Mr. Maier, how much attention do you pay to the rest of the fashion industry?
I don't look. I find it distracting. I'm more interested in our customer, who he is and what he's looking for. In my twenties, I looked at everything I could. I went to every fashion show, I sneaked in anywhere I could. I wanted to absorb the most I could and see a lot. I think that's important when you're a student or when you're starting out—you need to see things. But then I think there comes a time when that's just distracting, always looking at what other people do. I think the people who are the best are the people who concentrate on their own thing.
So in order to succeed as a designer, one doesn't have to take part in the glamorous circus the fashion industry is so well known for?
No, and I'm proof of that. I like to be a kind of rebel. I hate when people say, "This is set in stone. These are the rules. This is how you do it." I hate that. It's stupid, and the recipe doesn't even work most of the time.
That you need a show and you need to pay people to sit in the front row who have nothing to do with nothing and you need to have this article and that article. Then you do all of that and you're out of business two seasons later and nobody talks about you anymore. Nobody even talks about the fact that you are out of business. I find that very upsetting, this stupid system. It doesn't have to be like that, and I think we proved that at Bottega Veneta.
But people looked at your minimal approach very skeptically at the beginning, didn't they? You famously removed the brand's logo from all items in your first collection.
Sure. When we started, big-department-store executives would come to the show and they would say, "You'll never sell one of these wallets. You'll never have a small-leather-goods business, because as long as you don't understand that a wallet needs to have the logo or the name of the brand on it to sell, you will never make it in this industry." And I said, "Okay. Thank you for letting me know." [Laughs] I think you can do anything if you have a conviction and you have a belief that your product is right because it is designed for function. Besides, you can sign the product in different ways to make it recognizable. You can make it recognizable by design.

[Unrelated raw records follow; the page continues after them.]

lemma comm_group_center: "comm_group (G\<lparr>carrier := group_center G\<rparr>)"
proof (rule group.group_comm_groupI[OF subgroup_imp_group[OF subgroup_center]])
  fix a b assume "a \<in> carrier (G\<lparr>carrier := group_center G\<rparr>)" "b \<in> carrier (G\<lparr>carrier := group_center G\<rparr>)"
  then have "a \<in> group_center G" "b \<in> group_center G" by simp_all
  then have "a \<otimes> b = b \<otimes> a" unfolding group_center_def by blast
  then show "a \<otimes>\<^bsub>G\<lparr>carrier := group_center G\<rparr>\<^esub> b = b \<otimes>\<^bsub>G\<lparr>carrier := group_center G\<rparr>\<^esub> a"
    by simp
qed

lemma centralizer_generate:
  assumes "S \<subseteq> carrier G"
  shows "centralizer G (generate G S) = centralizer G S"
proof
  show "centralizer G (generate G S) \<subseteq> centralizer G S"
    using generate.incl[of _ S G] by (auto simp: centralizer_def)
  show "centralizer G S \<subseteq> centralizer G (generate G S)"
  proof
    fix g assume g: "g \<in> centralizer G S"
    then have "S \<subseteq> centralizer G {g}" using assms by (auto simp: centralizer_def)
    then have "generate G S \<subseteq> centralizer G {g}"
      using g by (intro generate_subgroup_incl subgroup_centralizer) (auto simp: centralizer_def)
    then show "g \<in> centralizer G (generate G S)" using g by (auto simp: centralizer_def)
  qed
qed

lemma conj_eq_imp_commute:
  assumes "u \<in> carrier G" "v \<in> carrier G" "y \<in> carrier G" "inv u \<otimes> y \<otimes> u = inv v \<otimes> y \<otimes> v"
  shows "u \<otimes> inv v \<otimes> y = y \<otimes> (u \<otimes> inv v)"
proof -
  have "y \<otimes> (u \<otimes> inv v) = u \<otimes> (inv u \<otimes> y \<otimes> u) \<otimes> inv v"
    using assms(1-3) by (simp add: m_assoc[symmetric])
  also have "\<dots> = u \<otimes> (inv v \<otimes> y \<otimes> v) \<otimes> inv v" using assms(4) by simp
  also have "\<dots> = u \<otimes> inv v \<otimes> y" using assms(1-3) by (simp add: m_assoc)
  finally show ?thesis by (rule sym)
qed

lemma finite_derived_power_commutes:
  assumes "finite (derived G (carrier G))" "g \<in> carrier G" "y \<in> carrier G"
  shows "\<exists>k::int. k \<noteq> 0 \<and> g [^] k \<in> centralizer G {y}"
proof -
  define C where "C = derived G (carrier G)"
  define f where "f m = inv (g [^] (m::int)) \<otimes> y \<otimes> g [^] m" for m
  have "f m \<in> C #> y" for m
  proof -
    have gm: "inv (g [^] m) \<in> carrier G" using assms(2) by simp
    have "inv (g [^] m) \<otimes> y \<otimes> inv (inv (g [^] m)) \<otimes> inv y \<in> derived_set G (carrier G)"
      by (rule UN_I[OF gm], rule UN_I[OF assms(3)]) simp
    then have "inv (g [^] m) \<otimes> y \<otimes> g [^] m \<otimes> inv y \<in> C"
      unfolding C_def derived_def using assms(2) by (simp add: generate.incl)
    moreover have "f m = inv (g [^] m) \<otimes> y \<otimes> g [^] m \<otimes> inv y \<otimes> y"
      unfolding f_def using assms(2,3) by (simp add: m_assoc)
    moreover have "C \<subseteq> carrier G" unfolding C_def by (rule derived_in_carrier) simp
    ultimately show ?thesis using assms(3) by (simp add: rcosI)
  qed
  then have "range f \<subseteq> C #> y" by blast
  moreover have "finite (C #> y)" using assms(1) by (simp add: C_def r_coset_def)
  ultimately have "finite (range f)" by (rule finite_subset)
  then have "\<not> inj f" using finite_imageD infinite_UNIV_int by blast
  then obtain m1 m2 where "m1 \<noteq> m2" "f m1 = f m2" unfolding inj_def by blast
  then have "g [^] m1 \<otimes> inv (g [^] m2) \<otimes> y = y \<otimes> (g [^] m1 \<otimes> inv (g [^] m2))"
    unfolding f_def using assms(2,3) by (intro conj_eq_imp_commute) simp_all
  then have "g [^] (m1 - m2) \<in> centralizer G {y}"
    using assms(2,3) by (simp add: centralizer_def int_pow_diff)
  then show ?thesis using \<open>m1 \<noteq> m2\<close> by (intro exI[of _ "m1 - m2"]) simp
qed
(* Let $\mathcal{M}$ be a mechanism with $n$ agents and let $D=(\mathbf{d}^0,\mathbf{d}^1,\dots,\mathbf{d}^T)$ be generated by best-response dynamics with random player order. Fix an agent $i$, a property $P_1$ of the others' declarations $\mathbf{d}_{-i}$, and a property $P_2$ of agent $i$'s declaration $d_i$. Suppose that for every profile, if $P_1(\mathbf{d}_{-i})$ is false then every best response $d_i$ of agent $i$ to $\mathbf{d}_{-i}$ satisfies $P_2(d_i)$. Then for every $\epsilon>0$, if $T>\epsilon^{-1}n$, with probability at least $1-e^{-T\epsilon^2/32n}$ there are at least $(\frac12-\epsilon)T$ steps $t$ for which $P_1(\mathbf{d}^t_{-i})$ or $P_2(d_i^t)$ is true.
   Context: Best-response dynamics with random player order: starting from an initial profile $\mathbf{d}^0$, at each step $t=1,\dots,T$ one agent is chosen independently and uniformly at random from the $n$ agents; that agent may change his declaration to a best response, i.e. a declaration $d\in\arg\max_d u_i(d,\mathbf{d}_{-i}^{t-1})$ maximizing his utility given the others' current declarations (he keeps his previous declaration if he cannot improve his utility); all other agents keep their declarations. *)

theory Defs
  imports "HOL-Probability.Probability"
begin

text \<open>Agents are 0,...,n-1. A profile of declarations is a function nat => 'd
(entries at indices >= n are irrelevant and never change).
Utilities: u i d is the utility of agent i under profile d.\<close>

definition others :: "nat \<Rightarrow> nat \<Rightarrow> (nat \<Rightarrow> 'd) \<Rightarrow> (nat \<Rightarrow> 'd option)" where
  "others n i d = (\<lambda>j. if j < n \<and> j \<noteq> i then Some (d j) else None)"

definition best_responses :: "(nat \<Rightarrow> (nat \<Rightarrow> 'd) \<Rightarrow> real) \<Rightarrow> nat \<Rightarrow> (nat \<Rightarrow> 'd) \<Rightarrow> 'd set" where
  "best_responses u i d = {x. \<forall>y. u i (d(i := y)) \<le> u i (d(i := x))}"

text \<open>A (history-dependent, possibly adversarial) tie-breaking rule: given the history
of chosen agents, the chosen agent i and the current profile d, it returns i's new
declaration.\<close>
definition valid_rule :: "nat \<Rightarrow> (nat \<Rightarrow> (nat \<Rightarrow> 'd) \<Rightarrow> real) \<Rightarrow>
    (nat list \<Rightarrow> nat \<Rightarrow> (nat \<Rightarrow> 'd) \<Rightarrow> 'd) \<Rightarrow> bool" where
  "valid_rule n u ch \<longleftrightarrow> (\<forall>h i d. i < n \<longrightarrow>
     (if d i \<in> best_responses u i d then ch h i d = d i
      else ch h i d \<in> best_responses u i d))"

fun brd_profile :: "(nat list \<Rightarrow> nat \<Rightarrow> (nat \<Rightarrow> 'd) \<Rightarrow> 'd) \<Rightarrow> (nat \<Rightarrow> 'd) \<Rightarrow> nat list \<Rightarrow> nat \<Rightarrow> (nat \<Rightarrow> 'd)" where
  "brd_profile ch d0 as 0 = d0"
| "brd_profile ch d0 as (Suc t) =
     (let p = brd_profile ch d0 as t; a = as ! t in p(a := ch (take t as) a p))"

text \<open>Sequences of T agents chosen independently and uniformly from the n agents.\<close>
definition agent_seqs :: "nat \<Rightarrow> nat \<Rightarrow> nat list set" where
  "agent_seqs n T = {as. length as = T \<and> set as \<subseteq> {..<n}}"

end

theory Submission imports Defs begin

text \<open>Call step t good if P1 or P2 holds at d^t, and attach to each profile a potential
that is 0 once P2 holds for agent i, and n or n - 1 otherwise, according to whether P1 holds.
Each time agent i is chosen at a bad profile he switches to a declaration satisfying P2, so
the potential drops by n - 1; any other agent changes it by at most 1. Hence
(#bad steps - #good steps) + potential has nonpositive drift under a uniformly random move,
with increments bounded by 1 except for agent i's, which occurs with probability 1/n. The
exponential moment argument behind Azuma's inequality then bounds, over all n^T equally likely
agent sequences, the fraction of those with fewer than (1/2 - \<epsilon>) T good steps.\<close>

lemma exp_le_1_add_add_square:
  fixes x :: real
  assumes "\<bar>x\<bar> \<le> 1"
  shows "exp x \<le> 1 + x + x\<^sup>2"
proof (cases "0 \<le> x")
  case True
  then show ?thesis using exp_bound[of x] assms by auto
next
  case False
  have "1 - x \<le> exp (-x)" using exp_ge_add_one_self[of "-x"] by simp
  then have "exp x \<le> 1 / (1 - x)" using False by (simp add: exp_minus field_simps)
  also have "\<dots> \<le> 1 + x + x\<^sup>2"
  proof -
    have "x * x\<^sup>2 \<le> 0" using False by (simp add: mult_nonpos_nonneg)
    then have "1 \<le> (1 - x) * (1 + x + x\<^sup>2)"
      by (simp add: algebra_simps power2_eq_square)
    then show ?thesis using False by (simp add: field_simps)
  qed
  finally show ?thesis .
qed

lemma sum_exp_le_card_plus_sum_squares:
  fixes x :: "'a \<Rightarrow> real"
  assumes "\<And>a. a \<in> A \<Longrightarrow> \<bar>x a\<bar> \<le> 1" and "(\<Sum>a\<in>A. x a) \<le> 0"
  shows "(\<Sum>a\<in>A. exp (x a)) \<le> card A + (\<Sum>a\<in>A. (x a)\<^sup>2)"
proof -
  have "(\<Sum>a\<in>A. exp (x a)) \<le> (\<Sum>a\<in>A. 1 + x a + (x a)\<^sup>2)"
    using assms(1) by (intro sum_mono exp_le_1_add_add_square)
  also have "\<dots> = card A + (\<Sum>a\<in>A. x a) + (\<Sum>a\<in>A. (x a)\<^sup>2)"
    by (simp add: sum.distrib)
  finally show ?thesis using assms(2) by linarith
qed

lemma card_mult_le_sum:
  fixes f :: "'a \<Rightarrow> real"
  assumes "finite S" and "B \<subseteq> S" and "\<And>x. x \<in> S \<Longrightarrow> 0 \<le> f x" and "\<And>x. x \<in> B \<Longrightarrow> c \<le> f x"
  shows "real (card B) * c \<le> (\<Sum>x\<in>S. f x)"
proof -
  have "real (card B) * c = (\<Sum>x\<in>B. c)" by simp
  also have "\<dots> \<le> (\<Sum>x\<in>B. f x)" using assms(4) by (rule sum_mono)
  also have "\<dots> \<le> (\<Sum>x\<in>S. f x)" using assms(1-3) by (intro sum_mono2) auto
  finally show ?thesis .
qed

lemma prob_pmf_of_set_ge:
  assumes "finite S" and "S \<noteq> {}" and "real (card {x \<in> S. \<not> P x}) \<le> real (card S) * \<delta>"
  shows "measure_pmf.prob (pmf_of_set S) {x. P x} \<ge> 1 - \<delta>"
proof -
  have "{x \<in> S. P x} = S - {x \<in> S. \<not> P x}" by blast
  then have "real (card {x \<in> S. P x}) = real (card S) - real (card {x \<in> S. \<not> P x})"
    using assms(1) by (simp add: card_Diff_subset of_nat_diff card_mono)
  moreover have "measure_pmf.prob (pmf_of_set S) {x. P x} = card {x \<in> S. P x} / card S"
    using measure_pmf_of_set[OF assms(2,1)] by (simp add: Int_def conj_commute)
  ultimately have "real (card S) * 1 \<le> real (card S) * (\<delta> + measure_pmf.prob (pmf_of_set S) {x. P x})"
    using assms(3) by (simp add: field_simps)
  moreover have "card S > 0" using assms(1,2) by (simp add: card_gt_0_iff)
  ultimately show ?thesis by simp
qed

lemma agent_seqs_0: "agent_seqs n 0 = {[]}"
  by (auto simp: agent_seqs_def)

lemma agent_seqs_Suc: "agent_seqs n (Suc T) = (\<lambda>(as, a). as @ [a]) ` (agent_seqs n T \<times> {..<n})"
proof
  show "agent_seqs n (Suc T) \<subseteq> (\<lambda>(as, a). as @ [a]) ` (agent_seqs n T \<times> {..<n})"
  proof
    fix xs assume xs: "xs \<in> agent_seqs n (Suc T)"
    then have "xs \<noteq> []" by (auto simp: agent_seqs_def)
    then have "xs = butlast xs @ [last xs]" and "butlast xs \<in> agent_seqs n T" and "last xs < n"
      using xs by (auto simp: agent_seqs_def dest: in_set_butlastD intro!: subsetD[OF _ last_in_set])
    then show "xs \<in> (\<lambda>(as, a). as @ [a]) ` (agent_seqs n T \<times> {..<n})"
      by (metis (no_types, lifting) SigmaI case_prod_conv image_eqI lessThan_iff)
  qed
qed (auto simp: agent_seqs_def)

lemma finite_agent_seqs: "finite (agent_seqs n T)"
  using finite_lists_length_eq[of "{..<n}" T] by (simp add: agent_seqs_def conj_commute)

lemma card_agent_seqs: "card (agent_seqs n T) = n ^ T"
  using card_lists_length_eq[of "{..<n}" T] by (simp add: agent_seqs_def conj_commute)
(* Let $(X,d)$ be a metric space and $\mu\colon X^3\to X$ a ternary operation. Then $\mu$ satisfies conditions (C1) and (C2) below if and only if it satisfies conditions (C0)', (C1)' and (C2)' below. (C1): There is an affine function $\rho(t)=Kt+H_0$ such that for all $a,b,c,a',b',c'\in X$, $d(\mu(a,b,c),\mu(a',b',c'))\leqslant \rho(d(a,a')+d(b,b')+d(c,c'))$. (C2): There is a function $H\colon\mathbb N\to[0,\infty)$ such that for every finite subset $A\subseteq X$ with $1\leqslant |A|\leqslant p$ there exist a finite median algebra $(\Pi,\mu_\Pi)$ and maps $\pi\colon A\to\Pi$, $\lambda\colon\Pi\to X$ such that for all $x,y,z\in\Pi$ and $a\in A$: $d(\lambda\mu_\Pi(x,y,z),\mu(\lambda x,\lambda y,\lambda z))\leqslant H(p)$ and $d(\lambda\pi a,a)\leqslant H(p)$. (C0)': There is a constant $\kappa_0$ such that for all $a_1,a_2,a_3\in X$, $d(\mu(a_1,a_1,a_2),a_1)\leqslant\kappa_0$, and $d(\mu(a_{\sigma(1)},a_{\sigma(2)},a_{\sigma(3)}),\mu(a_1,a_2,a_3))\leqslant\kappa_0$ for every permutation $\sigma$ of $\{1,2,3\}$. (C1)': There is an affine function $\rho\colon[0,\infty)\to[0,\infty)$ such that for all $a,a',b,c\in X$, $d(\mu(a,b,c),\mu(a',b,c))\leqslant\rho(d(a,a'))$. (C2)': There is a constant $\kappa_4>0$ such that for all $a,b,c,d\in X$, $d\big(\mu(\mu(a,b,c),b,d),\,\mu(a,b,\mu(c,b,d))\big)\leqslant\kappa_4$.
   Context: A median algebra is a set $Y$ with a ternary operation $m$ satisfying: $m(a,a,b)=a$; $m(a_1,a_2,a_3)$ is invariant under permutations of its arguments; and $m(m(a,b,c),b,d)=m(a,b,m(c,b,d))$ for all $a,b,c,d\in Y$. *)

theory Defs
  imports "HOL-Analysis.Analysis" "HOL-Combinatorics.Permutations"
begin

definition median_algebra_on :: "'b set \<Rightarrow> ('b \<Rightarrow> 'b \<Rightarrow> 'b \<Rightarrow> 'b) \<Rightarrow> bool" where
  "median_algebra_on P m \<longleftrightarrow>
     (\<forall>a\<in>P. \<forall>b\<in>P. \<forall>c\<in>P. m a b c \<in> P) \<and>
     (\<forall>a\<in>P. \<forall>b\<in>P. m a a b = a) \<and>
     (\<forall>a\<in>P. \<forall>b\<in>P. \<forall>c\<in>P. m a b c = m b a c \<and> m a b c = m a c b) \<and>
     (\<forall>a\<in>P. \<forall>b\<in>P. \<forall>c\<in>P. \<forall>d\<in>P. m (m a b c) b d = m a b (m c b d))"

definition C1 :: "('a::metric_space \<Rightarrow> 'a \<Rightarrow> 'a \<Rightarrow> 'a) \<Rightarrow> bool" where
  "C1 \<mu> \<longleftrightarrow> (\<exists>K H0::real. \<forall>a b c a' b' c'.
      dist (\<mu> a b c) (\<mu> a' b' c') \<le> K * (dist a a' + dist b b' + dist c c') + H0)"

text \<open>Finite median algebras are represented on finite carrier subsets of nat
  (every finite median algebra is isomorphic to one of these).\<close>
definition C2 :: "('a::metric_space \<Rightarrow> 'a \<Rightarrow> 'a \<Rightarrow> 'a) \<Rightarrow> bool" where
  "C2 \<mu> \<longleftrightarrow> (\<exists>H::nat \<Rightarrow> real. (\<forall>p. H p \<ge> 0) \<and>
     (\<forall>p A. finite A \<and> 1 \<le> card A \<and> card A \<le> p \<longrightarrow>
        (\<exists>(P::nat set) m (\<pi>::'a \<Rightarrow> nat) (lam::nat \<Rightarrow> 'a).
           finite P \<and> median_algebra_on P m \<and> (\<forall>a\<in>A. \<pi> a \<in> P) \<and>
           (\<forall>x\<in>P. \<forall>y\<in>P. \<forall>z\<in>P.
              dist (lam (m x y z)) (\<mu> (lam x) (lam y) (lam z)) \<le> H p) \<and>
           (\<forall>a\<in>A. dist (lam (\<pi> a)) a \<le> H p))))"
lemma matching_on_endpoints:
  assumes "matching_on M X"
  obtains x y where "\<forall>e\<in>M. e = {x e, y e}" "\<forall>e\<in>M. x e \<noteq> y e" "\<forall>e\<in>M. x e \<in> X \<and> y e \<in> X"
    and "\<forall>e\<in>M. \<forall>e'\<in>M. e \<noteq> e' \<longrightarrow> {x e, y e} \<inter> {x e', y e'} = {}"
proof -
  have "\<forall>e\<in>M. \<exists>p. e = {fst p, snd p} \<and> fst p \<noteq> snd p \<and> fst p \<in> X \<and> snd p \<in> X"
    using assms unfolding matching_on_def by (metis fst_conv snd_conv)
  then obtain p where p: "\<forall>e\<in>M. e = {fst (p e), snd (p e)} \<and> fst (p e) \<noteq> snd (p e) \<and> fst (p e) \<in> X \<and> snd (p e) \<in> X"
    by (rule bchoice[THEN exE])
  show thesis
  proof (rule that[of "\<lambda>e. fst (p e)" "\<lambda>e. snd (p e)"])
    show "\<forall>e\<in>M. \<forall>e'\<in>M. e \<noteq> e' \<longrightarrow> {fst (p e), snd (p e)} \<inter> {fst (p e'), snd (p e')} = {}"
    proof (intro ballI impI)
      fix e e' assume "e \<in> M" "e' \<in> M" "e \<noteq> e'"
      then have "e \<inter> e' = {}" using assms unfolding matching_on_def by blast
      moreover have "{fst (p e), snd (p e)} = e" "{fst (p e'), snd (p e')} = e'"
        using p \<open>e \<in> M\<close> \<open>e' \<in> M\<close> by blast+
      ultimately show "{fst (p e), snd (p e)} \<inter> {fst (p e'), snd (p e')} = {}" by (simp only:)
    qed
  qed (use p in blast)+
qed

lemma finite_matching_on: "matching_on M X \<Longrightarrow> finite X \<Longrightarrow> finite M"
  unfolding matching_on_def by (rule finite_subset[of M "Pow X"]) auto

lemma matching_on_subset: "matching_on M X \<Longrightarrow> X \<subseteq> Y \<Longrightarrow> matching_on M Y"
  unfolding matching_on_def by (meson subsetD)

lemma matching_linked_subset: "matching_linked V E Y \<Longrightarrow> X \<subseteq> Y \<Longrightarrow> matching_linked V E X"
  unfolding matching_linked_def using matching_on_subset by blast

Definitely. Artists have done that for centuries.
Exactly. You don't have to put a signature on a painting to know if that is a Manet, because you can just recognize a Manet by the color sense, a Rembrandt because of the light, a La Tour because of the candlelight on the face. You don't need to look at names. Why do we like architecture, and why do we like certain architects? Because we can drive by a building among thousands of buildings and we can say, "This is a Richard Meier," or whoever. I like to design products that don't need to have names on the buttons. If you have a little bit of culture and you have a little bit of sensibility and understanding, you know what it is.
Many brands find themselves on the opposite side of the spectrum, where the image of the fashion designer and the logo of the house seem to be more important than the product itself.
Why does the product need to define a person as this or that? Let the product take on the personality of the wearer. It should be about the wearer, it shouldn't be about the product. I should look at someone and not think about what you are wearing, which is actually perfectly the case when I look at you, for example. It does not even come to my mind for a second, and that's how it should be. We should think, "Can we make something pleasing to you?" I think it is a big problem in today's world that a lot is done just to please the media or to get picked up in the media, it's not done with the consumer in mind. And I think that you can't forget about that, because that's whom you work for at the end of the day.
So what are the most important aspects of a product from the consumer's perspective?
Functionality plays a key role, because nothing means anything if it doesn't work. For any product. Nothing at all. If I design a perfume bottle and it leaks in the end, then what is the point? It's just design for design's sake, and I don't like that. I find it unbearable. It's not just to make something that looks different, it's also a matter of fact to make it work. It doesn't mean anything if it doesn't appeal to anybody in the end. Why are you doing anything if nobody wants it?
Are you against embellishment?
No, I have nothing against embellishment. I'm all for eccentricity, I'm all for the unexpected and for making it exciting for people. But there has to be a reason. If it's just to be put in a window to make a bit of an effect, I don't find that very stimulating creatively.